All electroclinical data were collected at the follow up visit when the MRI scan was performed.

MRI, magnetic resonance image; mo, months; F, female; M, male; +, feature present; −, feature absent. Flair, fluid attenuated inversion recovery; HTSS, hypermotor-tonic-spasms sequence; EEG, electroencephalography; EDs, epileptic discharges; Bi, bilateral; CS, continuous slow; ASDs: antiseizure drugs. CNP, clonazepam; PDN, prednisone; LEV, levetiracetam; VPA, valproic acid; OXC, oxcarbazepine; PHB, phenobarbital; DZP, diazepam; TPM, topiramate; LTG, lamotrigine.

3.1. Group Morphological Analysis

In relation to the age- and gender-matched HCs (male/female 5/7, average age 3.3±0.3 years, details in Table S1), the 3-year-old CDD group demonstrated significant TIV loss (P=0.024). Both GM and WM showed a trend of volume loss, with a statistically significant difference in total GM (P=0.045) and subcortical GM (P=0.014). More details are included in Figure 1B and Table S2.

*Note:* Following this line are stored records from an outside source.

lemma S_Noetherian_imp_S_Noetherian_poly:
  assumes SN: "S_Noetherian UNIV scale (+) 0 UNIV S"
    and S: "mult_subset S" "anti_Archimedean S"
  shows "S_Noetherian UNIV ps (+) 0 UNIV ((\<lambda>s. [:s:]) ` S)"
  unfolding P.S_Noetherian_UNIV_iff
proof (intro allI impI)
  fix J assume J: "P.subspace J"
  obtain s A where s: "s \<in> S"
    and A: "A \<subseteq> lead_coeffs J" "finite A" "scale s ` lead_coeffs J \<subseteq> span A"
    using SN subspace_lead_coeffs[OF J] unfolding S_Noetherian_UNIV_iff by blast
  obtain d f where f: "\<And>a. a \<in> A \<Longrightarrow> f a \<in> J \<and> degree (f a) \<le> d \<and> coeff (f a) d = a"
    using lead_coeffs_common_degree[OF J A(2,1)] by blast
  define K where "K = {p \<in> J. degree p \<le> d}"
  have "Pc.subspace K"
    unfolding K_def using J by (rule subspace_degree_le)
  moreover have "\<forall>p\<in>K. \<forall>k\<ge>Suc d. coeff p k = 0"
    unfolding K_def by (auto intro: coeff_eq_0)
  ultimately obtain s' B where s': "s' \<in> S" and B: "B \<subseteq> K" "finite B" "ps [:s':] ` K \<subseteq> Pc.span B"
    using S_finite_bounded_degree[OF SN S(1)] by blast
  obtain t where t: "t \<in> S" "\<And>n. s ^ n dvd t"
    using anti_Archimedean_dvd[OF S(2) s] by blast
  have "ps [:s' * t:] p \<in> P.span (f ` A \<union> B)" if p: "p \<in> J" for p
  proof -
    obtain v where v: "v \<in> P.span (f ` A)" "ps [:s ^ degree p:] p - v \<in> K"
      using lead_coeffs_reduce[OF J A(2,3) f p, of "degree p"] unfolding K_def by auto
    obtain r where r: "t = s ^ degree p * r"
      using t(2) by (blast elim: dvdE)
    have "ps [:s':] (ps [:r:] (ps [:s ^ degree p:] p - v)) \<in> P.span (f ` A \<union> B)"
      using v(2) B(3) Pc_span_subset P.span_mono[of B "f ` A \<union> B"]
      by (blast intro: Pc.subspace_scale[OF \<open>Pc.subspace K\<close>])
    moreover have "ps [:s' * r:] v \<in> P.span (f ` A \<union> B)"
      using v(1) P.span_mono[of "f ` A" "f ` A \<union> B"] by (blast intro: P.span_scale)
    moreover have "ps [:s' * t:] p = ps [:s' * r:] v + ps [:s':] (ps [:r:] (ps [:s ^ degree p:] p - v))"
      by (simp add: r P.scale_right_diff_distrib pscale_const_mult ac_simps)
    ultimately show ?thesis
      by (simp add: P.span_add)
  qed
  moreover have "f ` A \<union> B \<subseteq> J" "finite (f ` A \<union> B)"
    using f B A(2) unfolding K_def by auto
  moreover have "[:s' * t:] \<in> (\<lambda>s. [:s:]) ` S"
    using S(1) s' t(1) by (simp add: mult_subset_def)
  ultimately show "\<exists>s\<in>(\<lambda>s. [:s:]) ` S. \<exists>G\<subseteq>J. finite G \<and> ps s ` J \<subseteq> P.span G"
    by blast
qed

end

section \<open>Polynomials of unit content\<close>

lemma module_mult: "module ((*) :: 'a::comm_ring_1 \<Rightarrow> 'a \<Rightarrow> 'a)"
  by unfold_locales (simp_all add: algebra_simps)

context
begin

text \<open>Ideals are the subspaces of the ring as a module over itself. The interpretation is kept
  local, and its simp rule \<open>a * (b * x) = (a * b) * x\<close> is dropped since it loops against
  \<open>mult.assoc\<close>.\<close>

interpretation ring_module: module "(*) :: 'a::comm_ring_1 \<Rightarrow> 'a \<Rightarrow> 'a"
  by (rule module_mult)

declare ring_module.scale_scale [simp del]

lemma range_coeff_pCons: "range (coeff (pCons a p)) = insert a (range (coeff p))"
proof
  show "range (coeff (pCons a p)) \<subseteq> insert a (range (coeff p))"
    by (auto simp: coeff_pCons split: nat.splits)
  have "a \<in> range (coeff (pCons a p))"
    by (rule range_eqI[of _ _ 0]) simp
  moreover have "coeff p n \<in> range (coeff (pCons a p))" for n
    by (rule range_eqI[of _ _ "Suc n"]) simp
  ultimately show "insert a (range (coeff p)) \<subseteq> range (coeff (pCons a p))"
    by blast
qed

lemma span_insert_zero_subspace:
  assumes "ring_module.subspace I"
  shows "ring_module.span (insert 0 I) = I"
  using assms ring_module.subspace_0[OF assms] by (simp add: insert_absorb)

lemma mem_content_ideal: "(\<Sum>i\<le>degree f. r i * coeff f i) \<in> content_ideal f"
  unfolding content_ideal_def by blast

lemma coeff_in_content_ideal: "coeff f n \<in> content_ideal f"
proof (cases "n \<le> degree f")
  case True
  then have "coeff f n = (\<Sum>i\<le>degree f. (if i = n then 1 else 0) * coeff f i)"
    by (simp add: if_distrib[of "\<lambda>r. r * _"] cong: if_cong)
  then show ?thesis
    by (simp only: mem_content_ideal)
next
  case False
  then have "coeff f n = (\<Sum>i\<le>degree f. 0 * coeff f i)"
    by (simp add: coeff_eq_0)
  then show ?thesis
    by (simp only: mem_content_ideal)
qed

lemma mem_content_idealE:
  assumes "x \<in> content_ideal f"
  obtains r where "x = (\<Sum>i\<le>degree f. r i * coeff f i)"
proof -
  have "\<exists>r. x = (\<Sum>i\<le>degree f. r i * coeff f i)"
    using assms by (simp add: content_ideal_def)
  with that show thesis by blast
qed

lemma subspace_content_ideal: "ring_module.subspace (content_ideal f)"
  unfolding ring_module.subspace_def
proof (intro conjI allI ballI impI)
  show "0 \<in> content_ideal f"
    using mem_content_ideal[of "\<lambda>_. 0" f] by simp
next
  fix c x assume "x \<in> content_ideal f"
  then obtain r where "x = (\<Sum>i\<le>degree f. r i * coeff f i)"
    by (rule mem_content_idealE)
  then have "c * x = (\<Sum>i\<le>degree f. (c * r i) * coeff f i)"
    by (simp add: sum_distrib_left mult.assoc)
  then show "c * x \<in> content_ideal f"
    by (simp only: mem_content_ideal)
next
  fix x y assume "x \<in> content_ideal f" "y \<in> content_ideal f"
  then obtain r q where "x = (\<Sum>i\<le>degree f. r i * coeff f i)" "y = (\<Sum>i\<le>degree f. q i * coeff f i)"
    by (elim mem_content_idealE)
  then have "x + y = (\<Sum>i\<le>degree f. (r i + q i) * coeff f i)"
    by (simp add: sum.distrib distrib_right)
  then show "x + y \<in> content_ideal f"
    by (simp only: mem_content_ideal)
qed

lemma content_ideal_eq_span: "content_ideal f = ring_module.span (range (coeff f))"
proof (rule antisym)
  show "content_ideal f \<subseteq> ring_module.span (range (coeff f))"
    unfolding content_ideal_def
    by (auto intro!: ring_module.span_sum ring_module.span_scale ring_module.span_base[OF rangeI])
  show "ring_module.span (range (coeff f)) \<subseteq> content_ideal f"
    by (rule ring_module.span_minimal) (auto simp: coeff_in_content_ideal subspace_content_ideal)
qed

lemma NN_iff_one_in_span: "f \<in> NN \<longleftrightarrow> 1 \<in> ring_module.span (range (coeff f))"
proof
  assume "1 \<in> ring_module.span (range (coeff f))"
  then have "c * 1 \<in> ring_module.span (range (coeff f))" for c
    by (rule ring_module.span_scale)
  then show "f \<in> NN"
    by (auto simp: NN_def content_ideal_eq_span)
qed (simp add: NN_def content_ideal_eq_span)

lemma range_coeff_mult_pCons_subset:
  assumes J: "ring_module.subspace J" and prod: "range (coeff (pCons a f * g)) \<subseteq> J" and a: "a \<in> J"
  shows "range (coeff (f * g)) \<subseteq> J"
proof safe
  fix n
  have "coeff (f * g) n = coeff (pCons a f * g) (Suc n) - coeff g (Suc n) * a"
    by (simp add: mult_pCons_left mult.commute)
  moreover have "coeff (pCons a f * g) (Suc n) \<in> J"
    using prod by blast
  ultimately show "coeff (f * g) n \<in> J"
    using J a by (metis ring_module.subspace_diff ring_module.subspace_scale)
qed

lemma mem_ideal_of_comaximal_mult:
  assumes I: "ring_module.subspace I" and "1 \<in> ring_module.span (insert a I)" and ab: "a * b \<in> I"
  shows "b \<in> I"
proof -
  have "\<exists>k. 1 - k * a \<in> ring_module.span I"
    using assms(2) unfolding ring_module.span_insert by blast
  then obtain k where k: "1 - k * a \<in> I"
    using ring_module.span_eq_iff[THEN iffD2, OF I] by auto
  show ?thesis
    using ring_module.subspace_add[OF I ring_module.subspace_scale[OF I k, of b]
        ring_module.subspace_scale[OF I ab, of k]]
    by (simp add: algebra_simps)
qed

text \<open>For \<open>I = c(fg)\<close> this says that \<open>c(f) = c(g) = R\<close> implies \<open>c(fg) = R\<close>. Shortening \<open>f\<close>
  by its constant coefficient \<open>a\<close> costs enlarging \<open>I\<close> to \<open>I + (a)\<close>; shortening \<open>g\<close> is free
  once the constant coefficient \<open>b\<close> of \<open>g\<close> is known to lie in \<open>I\<close>.\<close>

lemma one_in_ideal_of_comaximal_contents:
  assumes "ring_module.subspace I"
    and "1 \<in> ring_module.span (I \<union> range (coeff f))"
    and "1 \<in> ring_module.span (I \<union> range (coeff g))"
    and "range (coeff (f * g)) \<subseteq> I"
  shows "1 \<in> I"
  using assms
proof (induction f arbitrary: I g)
  case 0
  then show ?case by (simp add: span_insert_zero_subspace)
next
  case (pCons a f)
  note IH_f = pCons.IH
  show ?case
    using pCons.prems
  proof (induction g arbitrary: I)
    case 0
    then show ?case by (simp add: span_insert_zero_subspace)
  next
    case (pCons b g)
    note I = pCons.prems(1) and prod = pCons.prems(4)
    define J where "J = ring_module.span (insert a I)"
    have J: "ring_module.subspace J" "I \<subseteq> J" "a \<in> J"
      unfolding J_def using ring_module.span_superset[of "insert a I"] by auto
    have "I \<union> range (coeff (pCons a f)) \<subseteq> J \<union> range (coeff f)"
      using J(2,3) by (auto simp: range_coeff_pCons)
    then have "1 \<in> ring_module.span (J \<union> range (coeff f))"
      using pCons.prems(2) ring_module.span_mono by blast
    moreover have "1 \<in> ring_module.span (J \<union> range (coeff (pCons b g)))"
      using pCons.prems(3) ring_module.span_mono[of "I \<union> _" "J \<union> _"] J(2) by blast
    moreover have "range (coeff (f * pCons b g)) \<subseteq> J"
      using J(1) _ J(3) by (rule range_coeff_mult_pCons_subset) (use prod J(2) in blast)
    ultimately have "1 \<in> J"
      using IH_f[OF J(1)] by blast
    moreover have "a * b \<in> I"
      using prod by (metis coeff_mult_0 coeff_pCons_0 rangeI subsetD)
    ultimately have b: "b \<in> I"
      unfolding J_def using I by (blast intro: mem_ideal_of_comaximal_mult)
    have "I \<union> range (coeff (pCons b g)) \<subseteq> I \<union> range (coeff g)"
      using b by (auto simp: range_coeff_pCons)
    then have "1 \<in> ring_module.span (I \<union> range (coeff g))"
      using pCons.prems(3) ring_module.span_mono by blast
    moreover have "range (coeff (g * pCons a f)) \<subseteq> I"
      using I _ b by (rule range_coeff_mult_pCons_subset) (use prod in \<open>simp add: mult.commute\<close>)
    ultimately show "1 \<in> I"
      using pCons.IH[OF I pCons.prems(2)] by (simp add: mult.commute)
  qed
qed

Figure 1: — Global brain volume loss in 3-year-old CDD patients compared to age-matched HCs. (A) Visualization of the regions with significant volume loss (P < 0.05, two tailed, details in Table S2 and S3) is displayed on the brain of patient 3. Each significant region was assigned a different color. (B-F) Values of morphological measurements were extracted from the specific brain regions of the 3-year-old CDD patients and HCs. The axis is labeled by the ratio of volume of CDD to HCs, shown in Table S2 and S3. The orange line represents 3-year-old HCs, while the blue line represents 3-year-old CDD patients. CDD= CDKL5 deficiency disorder; HCs= healthy control subjects; Bi= bilateral; L= left; R= right; TIV= total intracranial volume; GMV= gray matter volume; WMV= white matter volume. *P<0.05, two-tailed.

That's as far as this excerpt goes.